Les parties sont aussi en litige sur l’absence de commission sur les ventes consenties à des centrales d’achat nationales (Yamaha France, Cardy ou Dafy), dont le siège était en Ile de France.
La SARL Tecno Globe déclare qu’il ne s’agissait pas de ventes destinées à l’Ile de France mais sur tout le territoire national, conclues directement avec elle.
Seules les livraisons faites en Ile de France pour le compte de ces centrales d’achat entraient dans le champ d’application du contrat d’agent commercial, ce qui est exact en l’état des pièces établissant l’étendue de la convention des parties. Mais les livraisons dans les départements concernés d’Ile de France, issues de la commande nationale, ouvraient droit à commission pour M. Y.
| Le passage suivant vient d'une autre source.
lemma pd_det_powr_cong:
  "(\<And>i j. i < n \<Longrightarrow> j < n \<Longrightarrow> A i j = B i j) \<Longrightarrow> pd_det_powr n b A = pd_det_powr n b B"
  unfolding pd_det_powr_def using det_nat_cong pos_def_nat_cong by metis

lemma borel_measurable_pd_det_powr:
  assumes "\<And>y. symmetric_nat n (A y)"
    and "\<And>i j. i < n \<Longrightarrow> j < n \<Longrightarrow> (\<lambda>y. A y i j) \<in> borel_measurable M"
  shows "(\<lambda>y. pd_det_powr n b (A y)) \<in> borel_measurable M"
proof -
  have [measurable]: "{y \<in> space M. pos_def_nat n (A y)} \<in> sets M"
    using assms by (rule sets_pos_def_nat)
  have [measurable]: "(\<lambda>y. det_nat n (A y)) \<in> borel_measurable M"
    using assms(2) by (rule borel_measurable_det_nat)
  show ?thesis
    unfolding pd_det_powr_def by measurable
qed

definition border_mat ::
  "nat \<Rightarrow> (nat \<Rightarrow> nat \<Rightarrow> real) \<Rightarrow> (nat \<Rightarrow> real) \<Rightarrow> real \<Rightarrow> nat \<Rightarrow> nat \<Rightarrow> real" where
  "border_mat n M r c i j =
    (if i < n \<and> j < n then M i j else if i < n then r i else if j < n then r j else c)"
text \<open>
  Let F be an antiderivative of f and \<Delta> the forward difference with step h. On polynomials
  \<Delta> is nilpotent and h D = log (1 + \<Delta>), so G_h = (log (1 + \<Delta>) / \<Delta>) F satisfies
  \<Delta> G_h = h f, and moreover G_h(x) = G_{-h}(x - h). Telescoping gives
  h (f(0) + ... + f(nh)) = G_{-h}(nh) - G_h(0). Newton's forward formula
  F(y - \<alpha> h) = \<Sum>_j (-\<alpha> choose j) \<Delta>^j F(y) turns the linear system for the b_k into
  h \<Sum>_i c_i f(y + ih) = G_h(y) - F(y - \<alpha> h). Using this at y = 0 with step h, and at y = nh
  with step -h and \<beta> in place of \<alpha>, the three sums add up to F((n + \<beta>) h) - F(-\<alpha> h).
\<close>

lemma sum_binomial_Suc:
  fixes g :: "nat \<Rightarrow> 'a::comm_semiring_1"
  shows "(\<Sum>i\<le>Suc k. of_nat (Suc k choose i) * g i) = (\<Sum>i\<le>k. of_nat (k choose i) * (g i + g (Suc i)))"
proof -
  have "(\<Sum>i\<le>k. of_nat (k choose i) * g i) = (\<Sum>i\<le>Suc k. of_nat (k choose i) * g i)"
    by (simp add: binomial_eq_0)
  also have "\<dots> = g 0 + (\<Sum>i\<le>k. of_nat (k choose Suc i) * g (Suc i))"
    by (simp only: sum.atMost_Suc_shift) simp
  finally show ?thesis
    by (simp only: sum.atMost_Suc_shift) (simp add: sum.distrib algebra_simps)
qed

lemma sum_triangle_swap:
  fixes g :: "nat \<Rightarrow> nat \<Rightarrow> 'a::comm_monoid_add"
  shows "(\<Sum>k\<le>m. \<Sum>i\<le>k. g k i) = (\<Sum>i\<le>m. \<Sum>k=i..m. g k i)"
  by (induction m) (simp_all add: sum.distrib)

lemma exists_antiderivative:
  fixes p :: "'a::field_char_0 poly"
  shows "\<exists>P. pderiv P = p \<and> degree P \<le> Suc (degree p)"
proof -
  define P where "P = (\<Sum>i\<le>degree p. monom (coeff p i / of_nat (Suc i)) (Suc i))"
  have "pderiv P = (\<Sum>i\<le>degree p. monom (coeff p i) i)"
    unfolding P_def higher_pderiv_sum[of 1, simplified]
    by (rule sum.cong) (simp_all add: pderiv_monom del: of_nat_Suc)
  also have "\<dots> = p"
    by (rule poly_as_sum_of_monoms)
  finally show ?thesis
    unfolding P_def by (auto intro!: degree_sum_le order_trans[OF degree_monom_le])
qed

definition fwd_diff :: "'a::field_char_0 \<Rightarrow> 'a poly \<Rightarrow> 'a poly" where
  "fwd_diff h p = p \<circ>\<^sub>p [:h, 1:] - p"

lemma poly_fwd_diff [simp]: "poly (fwd_diff h p) x = poly p (x + h) - poly p x"
  by (simp add: fwd_diff_def poly_pcompose algebra_simps)

lemma fwd_diff_const [simp]: "fwd_diff h [:c:] = 0"
  by (simp add: fwd_diff_def)

lemma fwd_diff_pow_0 [simp]: "(fwd_diff h ^^ k) 0 = 0"
  by (induction k) (simp_all add: fwd_diff_def)

lemma fwd_diff_smult: "fwd_diff h (smult c p) = smult c (fwd_diff h p)"
  by (simp add: fwd_diff_def pcompose_smult smult_diff_right)

lemma pderiv_fwd_diff_pow: "pderiv ((fwd_diff h ^^ k) p) = (fwd_diff h ^^ k) (pderiv p)"
  by (induction k) (simp_all add: fwd_diff_def pderiv_diff pderiv_pcompose pderiv_pCons)

lemma degree_fwd_diff: "degree (fwd_diff h p) \<le> degree p - 1"
proof (cases "degree p = 0")
  case True
  then obtain c where "p = [:c:]" by (rule degree_eq_zeroE)
  then show ?thesis by simp
next
  case False
  have "coeff (fwd_diff h p) i = 0" if "i \<ge> degree p" for i
  proof (cases "i = degree p")
    case True
    then show ?thesis
      using lead_coeff_comp[of "[:h, 1:]" p] by (simp add: fwd_diff_def degree_pcompose)
  next
    case False
    then show ?thesis
      using that by (simp add: fwd_diff_def coeff_eq_0 degree_pcompose)
  qed
  then show ?thesis using False by (intro degree_le) auto
qed

lemma degree_fwd_diff_pow: "degree ((fwd_diff h ^^ k) p) \<le> degree p - k"
  by (induction k) (auto intro: order_trans[OF degree_fwd_diff])

lemma fwd_diff_pow_eq_0:
  assumes "degree p < k"
  shows "(fwd_diff h ^^ k) p = 0"
proof -
  obtain j where k: "k = Suc j"
    using assms by (cases k) auto
  then have "degree ((fwd_diff h ^^ j) p) = 0"
    using assms degree_fwd_diff_pow[where h=h and p=p and k=j] by linarith
  then obtain c where "(fwd_diff h ^^ j) p = [:c:]"
    by (rule degree_eq_zeroE)
  with k show ?thesis by simp
qed
(* For every instance $(A,C,k)$ there exist committees $W$ and $W'$, each with representation ratio at least $\frac34$, such that $W$ satisfies EJR+ and $W'$ satisfies FJR.
   Context: An instance $(A,C,k)$ consists of a finite nonempty candidate set $C$, voters $N=\{1,\dots,n\}$, approval sets $A_i\subseteq C$, and a committee size $1\le k\le|C|$. A committee is $W\subseteq C$ with $|W|\le k$. $\mathrm{cov}(W)=|\{i: A_i\cap W\ne\emptyset\}|$; the representation ratio is $\mathrm{cov}(W)/\max\{\mathrm{cov}(W'):|W'|=k\}$. $W$ satisfies EJR+ if for every $\ell\in\{1,\dots,k\}$ and every $N'\subseteq N$ with $|N'|\ge\ell n/k$ and $\bigcap_{i\in N'}A_i\ne\emptyset$, either some $i\in N'$ has $|A_i\cap W|\ge\ell$ or $\bigcap_{i\in N'}A_i\subseteq W$. (Fully justified representation) For a positive integer $\beta$ and $T\subseteq C$, a group $S\subseteq N$ is weakly $(\beta,T)$-cohesive if $|S|\ge |T|\frac{n}{k}$ and $|A_i\cap T|\ge\beta$ for all $i\in S$; $W$ satisfies FJR if for every such $\beta,T$ and every weakly $(\beta,T)$-cohesive group $S$ there is $i\in S$ with $|A_i\cap W|\ge\beta$. *)

theory Defs
  imports Complex_Main
begin

definition is_instance :: "'c set \<Rightarrow> nat \<Rightarrow> (nat \<Rightarrow> 'c set) \<Rightarrow> nat \<Rightarrow> bool" where
  "is_instance C n A k \<longleftrightarrow> finite C \<and> C \<noteq> {} \<and> (\<forall>i\<in>{1..n}. A i \<subseteq> C) \<and> 1 \<le> k \<and> k \<le> card C"
(* Let $n\ge 1$ and let $F(z)=\sum_{k=1}^\infty b_k z^k$ be an extremal function for the problem $$ M_n=\sup\Big\{ \sum_{k=1}^n k|c_k|^2 \,:\, \|f\|_{\mathcal{B}}\le 1,\ f(z)=\sum_{k=1}^\infty c_k z^k\Big\}, $$ i.e. $\|F\|_{\mathcal{B}}\le 1$ and $\sum_{k=1}^n k|b_k|^2=M_n$. Then $b_n b_{n+1}=0$, i.e. $b_n=0$ or $b_{n+1}=0$.
   Context: $\mathbb{D}$ is the open unit disc. The Bloch space $\mathcal{B}$ consists of analytic functions $f$ on $\mathbb{D}$ with finite norm $\|f\|_{\mathcal{B}}=|f(0)|+\sup_{z\in\mathbb{D}}(1-|z|^2)|f'(z)|$. *)

theory Defs
  imports "HOL-Complex_Analysis.Complex_Analysis"
begin

text \<open>Bloch seminorm sup_{z in D} (1-|z|^2)|f'(z)|, taken in the extended reals
  so that it is meaningful also when unbounded.\<close>
definition bloch_seminorm :: "(complex \<Rightarrow> complex) \<Rightarrow> ereal" where
  "bloch_seminorm f = (SUP z\<in>ball 0 1. ereal ((1 - (cmod z)\<^sup>2) * cmod (deriv f z)))"

definition bloch_norm :: "(complex \<Rightarrow> complex) \<Rightarrow> ereal" where
  "bloch_norm f = ereal (cmod (f 0)) + bloch_seminorm f"

definition bloch_space :: "(complex \<Rightarrow> complex) set" where
  "bloch_space = {f. f holomorphic_on ball 0 1 \<and> bloch_norm f < \<infinity>}"

definition taylor_coeff :: "(complex \<Rightarrow> complex) \<Rightarrow> nat \<Rightarrow> complex" where
  "taylor_coeff f k = (deriv ^^ k) f 0 / of_nat (fact k)"

text \<open>Admissible functions: f in the Bloch space, f(z) = sum_{k>=1} c_k z^k (i.e. f(0)=0),
  with Bloch norm at most 1.\<close>
definition bloch_admissible :: "(complex \<Rightarrow> complex) set" where
  "bloch_admissible = {f. f \<in> bloch_space \<and> f 0 = 0 \<and> bloch_norm f \<le> 1}"

definition coeff_energy :: "nat \<Rightarrow> (complex \<Rightarrow> complex) \<Rightarrow> real" where
  "coeff_energy n f = (\<Sum>k=1..n. real k * (cmod (taylor_coeff f k))\<^sup>2)"

definition M_bloch :: "nat \<Rightarrow> real" where
  "M_bloch n = Sup (coeff_energy n ` bloch_admissible)"

end

theory Submission
  imports Defs
begin
definition rooted_dag :: "'v set \<Rightarrow> ('v \<times> 'v) set \<Rightarrow> bool" where
  "rooted_dag V E \<longleftrightarrow> finite V \<and> E \<subseteq> V \<times> V \<and> acyclic E \<and>
     (\<exists>r \<in> V. \<forall>v \<in> V. (r, v) \<in> E\<^sup>*)"

definition labeled_in :: "'v set \<Rightarrow> ('v \<times> 'v) set \<Rightarrow> ('v \<Rightarrow> 'l) \<Rightarrow> 'l set \<Rightarrow> bool" where
  "labeled_in V E lab S \<longleftrightarrow> bij_betw lab (leaves V E) S"

definition tree_child_network ::
  "'v set \<Rightarrow> ('v \<times> 'v) set \<Rightarrow> ('v \<Rightarrow> 'l) \<Rightarrow> 'l set \<Rightarrow> bool" where
  "tree_child_network V E lab S \<longleftrightarrow>
     rooted_dag V E \<and> labeled_in V E lab S \<and>
     (\<forall>v \<in> V. v \<notin> leaves V E \<longrightarrow> (\<exists>w \<in> V. (v, w) \<in> E \<and> tree_node V E w)) \<and>
     (\<forall>v \<in> V. tree_node V E v \<longrightarrow> outdeg V E v \<noteq> 1) \<and>
     (\<forall>v \<in> V. hybrid_node V E v \<longrightarrow> outdeg V E v = 1)"

definition no_hybrid_parent_path :: "'v set \<Rightarrow> ('v \<times> 'v) set \<Rightarrow> bool" where
  "no_hybrid_parent_path V E \<longleftrightarrow>
     (\<forall>h \<in> V. hybrid_node V E h \<longrightarrow>
        (\<forall>u1 u2. (u1, h) \<in> E \<longrightarrow> (u2, h) \<in> E \<longrightarrow> u1 \<noteq> u2 \<longrightarrow> (u1, u2) \<notin> E\<^sup>+))"

definition cluster :: "'v set \<Rightarrow> ('v \<times> 'v) set \<Rightarrow> ('v \<Rightarrow> 'l) \<Rightarrow> 'v \<Rightarrow> 'l set" where
  "cluster V E lab v = lab ` {x \<in> leaves V E. (v, x) \<in> E\<^sup>*}"

definition clusters :: "'v set \<Rightarrow> ('v \<times> 'v) set \<Rightarrow> ('v \<Rightarrow> 'l) \<Rightarrow> 'l set set" where
  "clusters V E lab = cluster V E lab ` V"

definition labeled_iso ::
  "'v set \<Rightarrow> ('v \<times> 'v) set \<Rightarrow> ('v \<Rightarrow> 'l) \<Rightarrow> 'w set \<Rightarrow> ('w \<times> 'w) set \<Rightarrow> ('w \<Rightarrow> 'l) \<Rightarrow> bool" where
  "labeled_iso V1 E1 lab1 V2 E2 lab2 \<longleftrightarrow>
     (\<exists>f. bij_betw f V1 V2 \<and>
          (\<forall>u \<in> V1. \<forall>w \<in> V1. (u, w) \<in> E1 \<longleftrightarrow> (f u, f w) \<in> E2) \<and>
          (\<forall>x \<in> leaves V1 E1. lab2 (f x) = lab1 x))"

end

theory Submission
  imports Defs
begin

text \<open>In a tree-child network without hybrid parent paths, a tree node is determined by its
  cluster, and for tree nodes \<open>u\<close>, \<open>v\<close> we have \<open>C(v) \<subseteq> C(u)\<close> iff \<open>v\<close> is a descendant of \<open>u\<close>.
  A hybrid node has the same cluster as its only child, which is a tree node. The minimal strict
  superclusters of the cluster of a tree node \<open>t\<close> are the cluster of its parent, if that parent
  is a tree node, and otherwise the clusters of the (at least two, pairwise incomparable) parents
  of its hybrid parent. Hence nodes and edges of the network can be read off from \<open>C(N)\<close> alone,
  so two such networks with the same clusters are isomorphic to the same graph built from \<open>C(N)\<close>.
  Conversely, isomorphisms preserve clusters in any DAG.\<close>

definition graph_iso :: "('v \<Rightarrow> 'w) \<Rightarrow> 'v set \<Rightarrow> ('v \<times> 'v) set \<Rightarrow> 'w set \<Rightarrow> ('w \<times> 'w) set \<Rightarrow> bool"
  where "graph_iso f V1 E1 V2 E2 \<longleftrightarrow>
    bij_betw f V1 V2 \<and> (\<forall>u \<in> V1. \<forall>w \<in> V1. (u, w) \<in> E1 \<longleftrightarrow> (f u, f w) \<in> E2)"
text \<open>Young's inequality with the scaling \<open>s powr p / p = e / 2\<close> bounds the pairing by \<open>e / 2\<close>
  plus a multiple of the \<open>\<ell>\<^sup>q\<close> tail of the row.\<close>
lemma lq_pairing_tail_small:
  fixes k :: vec
  assumes pq: "p > 1" "q > 1" "1 / p + 1 / q = 1"
    and k: "summable (\<lambda>j. norm (k j) powr q)" and e: "e > 0"
  shows "\<exists>N. \<forall>w. in_lp p w \<and> lp_norm p w \<le> 1 \<and> (\<forall>j<N. w j = 0) \<longrightarrow> norm (\<Sum>j. k j * w j) \<le> e"
proof -
  define s where "s = (e * p / 2) powr (1 / p)"
  have s: "s > 0" "s powr p / p = e / 2"
    using e pq by (auto simp: s_def powr_powr)
  obtain N where N: "norm (\<Sum>j. norm (k (j + N)) powr q) < e / 2 * (q * s powr q)"
    using suminf_exist_split[OF _ k, of "e / 2 * (q * s powr q)"] e s pq by auto
  show ?thesis
  proof (intro exI allI impI, elim conjE)
    fix w
    assume w: "in_lp p w" "lp_norm p w \<le> 1" "\<forall>j<N. w j = 0"
    define kN where "kN j = (if j < N then 0 else k j)" for j
    have "(\<lambda>j. norm (kN j) powr q) = (\<lambda>j. if j < N then 0 else norm (k j) powr q)"
      by (auto simp: kN_def)
    then have kN: "(\<lambda>j. norm (kN j) powr q) sums (\<Sum>j. norm (k (j + N)) powr q)"
      using sums_tail_if[OF k, of N] by simp
    have pairing: "(\<lambda>j. k j * w j) = (\<lambda>j. kN j * w j)"
      using w(3) by (auto simp: kN_def)
    have "(\<Sum>j. norm (w j) powr p) \<le> 1"
      using lp_norm_le_iff[of p 1 w] pq w by simp
    then have "s powr p / p * (\<Sum>j. norm (w j) powr p) \<le> s powr p / p * 1"
      using pq by (intro mult_left_mono) auto
    also have "s powr p / p * 1 = e / 2"
      using s(2) by simp
    finally have "s powr p / p * (\<Sum>j. norm (w j) powr p) \<le> e / 2" .
    moreover have "(\<Sum>j. norm (k (j + N)) powr q) / (q * s powr q) \<le> e / 2"
      using N s pq by (simp add: divide_le_eq)
    moreover have "(\<Sum>j. norm (kN j * w j))
        \<le> s powr p / p * (\<Sum>j. norm (w j) powr p) + (\<Sum>j. norm (k (j + N)) powr q) / (q * s powr q)"
      using summable_pairing_Young(2)[OF pq s(1) sums_summable[OF kN] w(1)]
      unfolding sums_unique[OF kN, symmetric] .
    ultimately have "(\<Sum>j. norm (kN j * w j)) \<le> e"
      by linarith
    then show "norm (\<Sum>j. k j * w j) \<le> e"
      unfolding pairing
      using summable_norm[OF summable_pairing_Young(1)[OF pq s(1) sums_summable[OF kN] w(1)]]
      by simp
  qed
qed

text \<open>The witness \<open>x j = cnj (K i j) * \<bar>K i j\<bar> powr (q - 2)\<close> for \<open>j < M\<close> is the one giving
  equality in Hoelder's inequality.\<close>
lemma row_norming_vector:
  fixes K :: mat and i M :: nat
  assumes p: "p > 1"
  defines "q \<equiv> p / (p - 1)"
  defines "S \<equiv> \<Sum>j<M. norm (K i j) powr q"
  obtains x where "in_lp p x" "lp_norm p x = S powr (1 / p)" "mat_apply K x i = of_real S"
proof
  define x where "x j = (if j < M then cnj (K i j) * of_real (norm (K i j) powr (q - 2)) else 0)" for j
  have q: "q > 1" "(q - 1) * p = q"
    using p by (auto simp: q_def field_simps)
  have norm_x: "norm (x j) powr p = (if j < M then norm (K i j) powr q else 0)" for j
  proof (cases "K i j = 0")
    case False
    then have "norm (cnj (K i j)) * norm (K i j) powr (q - 2) = norm (K i j) powr (q - 1)"
      using powr_add[of "norm (K i j)" 1 "q - 2"] by simp
    then show ?thesis
      using q p by (simp add: x_def norm_mult powr_powr)
  qed (use p in \<open>simp add: x_def\<close>)
  have pairing: "K i j * x j = of_real (if j < M then norm (K i j) powr q else 0)" for j
  proof (cases "K i j = 0")
    case False
    have "K i j * cnj (K i j) * of_real (norm (K i j) powr (q - 2))
        = of_real (norm (K i j) powr 2 * norm (K i j) powr (q - 2))"
      by (simp add: complex_norm_square[symmetric] powr_numeral)
    also have "\<dots> = of_real (norm (K i j) powr q)"
      using False powr_add[of "norm (K i j)" 2 "q - 2"] by simp
    finally show ?thesis
      by (simp add: x_def mult.assoc)
  qed (simp add: x_def)
  show "in_lp p x"
    unfolding in_lp_def by (rule summable_finite[of "{..<M}"]) (use norm_x in auto)
  show "lp_norm p x = S powr (1 / p)"
    unfolding lp_norm_def S_def using norm_x by (subst suminf_finite[of "{..<M}"]) auto
  show "mat_apply K x i = of_real S"
    unfolding mat_apply_def S_def using pairing by (subst suminf_finite[of "{..<M}"]) auto
qed
theorem lemma2:
  assumes "p \<in> P1" and "p \<noteq> pinf"
  shows "\<exists>g :: nat \<Rightarrow> complex \<Rightarrow> complex. (\<forall>n. g n \<in> H_Z) \<and>
           (\<forall>K. compact K \<and> K \<subseteq> P1 - {p} \<longrightarrow>
                uniform_limit K g (\<lambda>q. pinf) sequentially)"
proof -
  obtain p0 where p: "p = chart p0" using assms P1_eq_insert_range_chart pinf_eq_1 by auto
  have "\<exists>g \<in> H_Z. \<forall>x. 1 / Suc n \<le> \<bar>x - p0\<bar> \<longrightarrow> (\<exists>y::real. g (chart x) = chart y \<and> Suc n \<le> \<bar>y\<bar>)" for n
    by (rule H_Z_push_away_from_point[of "Suc n" p0]) auto
  then obtain g where g: "\<And>n. g n \<in> H_Z"
    and push: "\<And>n x. 1 / Suc n \<le> \<bar>x - p0\<bar> \<Longrightarrow> \<exists>y::real. g n (chart x) = chart y \<and> Suc n \<le> \<bar>y\<bar>"
    by metis
  have "g n pinf = pinf" for n using g[of n] by (simp add: H_Z_def)
  then show ?thesis using g push uniform_limit_pinf_if_push unfolding p by blast
qed

end
text \<open>At an equilibrium the routing imbalance u solves 2 u + (lam th / mu) tanh u = eps alh.
  For A < 0 the solution need not be unique and THE yields an unspecified value.\<close>

definition equilibrium_offset :: "real \<Rightarrow> real \<Rightarrow> real" where
  "equilibrium_offset A c = (THE u. 2 * u + A * tanh u = c)"

lemma equilibrium_offset_eq: "0 \<le> A \<Longrightarrow> 2 * equilibrium_offset A c + A * tanh (equilibrium_offset A c) = c"
  unfolding equilibrium_offset_def by (rule theI'[OF ex1_offset_equation])

lemma equilibrium_offset_unique: "0 \<le> A \<Longrightarrow> 2 * u + A * tanh u = c \<Longrightarrow> equilibrium_offset A c = u"
  unfolding equilibrium_offset_def by (rule the1_equality[OF ex1_offset_equation])

lemma offset_equation_abs_le:
  fixes A u c :: real
  assumes "0 \<le> A" and "2 * u + A * tanh u = c"
  shows "\<bar>u\<bar> \<le> \<bar>c\<bar> / 2"
proof (cases "0 \<le> u")
  case True
  then have "0 \<le> A * tanh u" using assms(1) by simp
  then show ?thesis using assms(2) True by linarith
next
  case False
  then have "A * tanh u \<le> 0" using assms(1) by (simp add: mult_nonneg_nonpos)
  then show ?thesis using assms(2) False by linarith
qed

lemma offset_equation_tanh_sq_approx:
  fixes A u c :: real
  assumes A: "0 \<le> A" and eq: "2 * u + A * tanh u = c"
  shows "\<bar>(tanh u)\<^sup>2 - (c / (2 + A))\<^sup>2\<bar> \<le> \<bar>c\<bar> ^ 4"
proof -
  have u: "\<bar>u\<bar> \<le> \<bar>c\<bar> / 2" by (rule offset_equation_abs_le[OF assms])
  have "tanh u - c / (2 + A) = 2 * (tanh u - u) / (2 + A)"
    using eq A by (simp add: field_simps)
  then have "\<bar>tanh u - c / (2 + A)\<bar> = 2 * \<bar>tanh u - u\<bar> / (2 + A)"
    using A by (simp only: abs_divide abs_mult abs_numeral)
  also have "\<dots> \<le> 2 * \<bar>tanh u - u\<bar> / 2" using A by (intro divide_left_mono) auto
  also have "\<dots> \<le> \<bar>u\<bar> ^ 3 / 3" using abs_diff_tanh_real_le_cube[of u] by (simp add: abs_minus_commute)
  also have "\<dots> \<le> \<bar>c\<bar> ^ 3"
  proof -
    have "\<bar>u\<bar> ^ 3 \<le> \<bar>c\<bar> ^ 3 / 8" using power_mono[OF u, of 3] by (simp add: power_divide)
    moreover have "0 \<le> \<bar>u\<bar> ^ 3" by simp
    ultimately show ?thesis by linarith
  qed
  finally have diff: "\<bar>tanh u - c / (2 + A)\<bar> \<le> \<bar>c\<bar> ^ 3" .
  have "\<bar>c / (2 + A)\<bar> = \<bar>c\<bar> / (2 + A)" using A by simp
  also have "\<dots> \<le> \<bar>c\<bar> / 2" using A by (intro divide_left_mono) auto
  finally have "\<bar>c / (2 + A)\<bar> \<le> \<bar>c\<bar> / 2" .
  then have sum: "\<bar>tanh u + c / (2 + A)\<bar> \<le> \<bar>c\<bar>" using abs_tanh_real_le[of u] u by linarith
  have "\<bar>(tanh u)\<^sup>2 - (c / (2 + A))\<^sup>2\<bar> = \<bar>tanh u - c / (2 + A)\<bar> * \<bar>tanh u + c / (2 + A)\<bar>"
    by (simp add: power2_eq_square algebra_simps flip: abs_mult)
  also have "\<dots> \<le> \<bar>c\<bar> ^ 3 * \<bar>c\<bar>" using diff sum by (intro mult_mono) auto
  finally show ?thesis by (simp add: power_Suc2[of _ 3, symmetric])
qed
Il convient donc de préciser que l’injonction donnée à la SARL Tecno Globe de produire les factures afférentes aux livraisons effectuées en Ile de France concernera, pour les ventes aux centrales d’achats nationales, celles ayant fait l’objet d’une livraison dans les départements concernés, justifiées soit par une facture détaillée soit par des bons de livraisons, notamment.
Dans l’attente de cette communication de pièces entre les parties et de leurs nouvelles conclusions au vu de celles-ci, l’affaire est renvoyée à la mise en état et il est sursis à statuer sur les autres demandes des parties, dont l’issue dépend en tout ou partie de l’existence ou non d’un rappel de commissions dues à M. F-G Y.
* * * * * * * * * *
PAR CES MOTIFS :
LA COUR,
Statuant, publiquement, par arrêt contradictoire et en dernier ressort,
Vu les articles 6, 9, 16, 114, 175, 246, 275, 276, 378 et 379 du code de procédure civile,
Vu les articles 1134, 1165, 1271, 1273, 1277 et 1315 du code civil,
Vu les articles L.123-22, L.134-4, L.134-6 , L.134-12 et R.134-3 du code de commerce,
— Confirme le jugement du tribunal de commerce de Montpellier prononcé le 26 mai 2014, en ce qu’il a rejeté la demande d’annulation du rapport d’expertise judiciaire de M. A Z, déposé en l’état le 24 février 2012,
— Le confirme également en ce qu’il a débouté la SARL JMB Import de toutes ses demandes et M. F-G Y de sa demande en paiement d’une indemnité de rupture du contrat d’agent commercial, droit dont il est déchu,
Y ajoutant,
— Déboute la SARL Tecno Globe de sa demande reconventionnelle d’imputation à M. F-G Y d’une prétendue rupture du contrat d’agent commercial à la date du 19 février 2004,
— La déboute de sa demande reconventionnelle de résiliation du contrat d’agent commercial de M. F-G Y aux torts exclusifs de la SARL JMB Import, qui n’était pas partie à cette convention,
Et, avant dire droit sur les autres demandes des parties :
— Ordonne la communication des factures de ventes émises par la SARL Tecno Globe, pour des produits relevant du contrat d’agent commercial de M. F-G Y, ayant fait l’objet d’une livraison en Ile de France, pour la période du 1er janvier 2006 au 31 mars 2008, certifiées par son expert comptable quant à leur exhaustivité, dans le délai de 3 mois à compter du prononcé de cet arrêt, sous astreinte provisoire de 500,00 € par jour de retard, passé ce délai.
— Renvoie l’affaire à la mise en état et sursoit à statuer sur les autres demandes des parties, dont les droits et moyens sont réservés de ces chefs.
Ainsi prononcé et jugé à Montpellier le 1er mars 2016.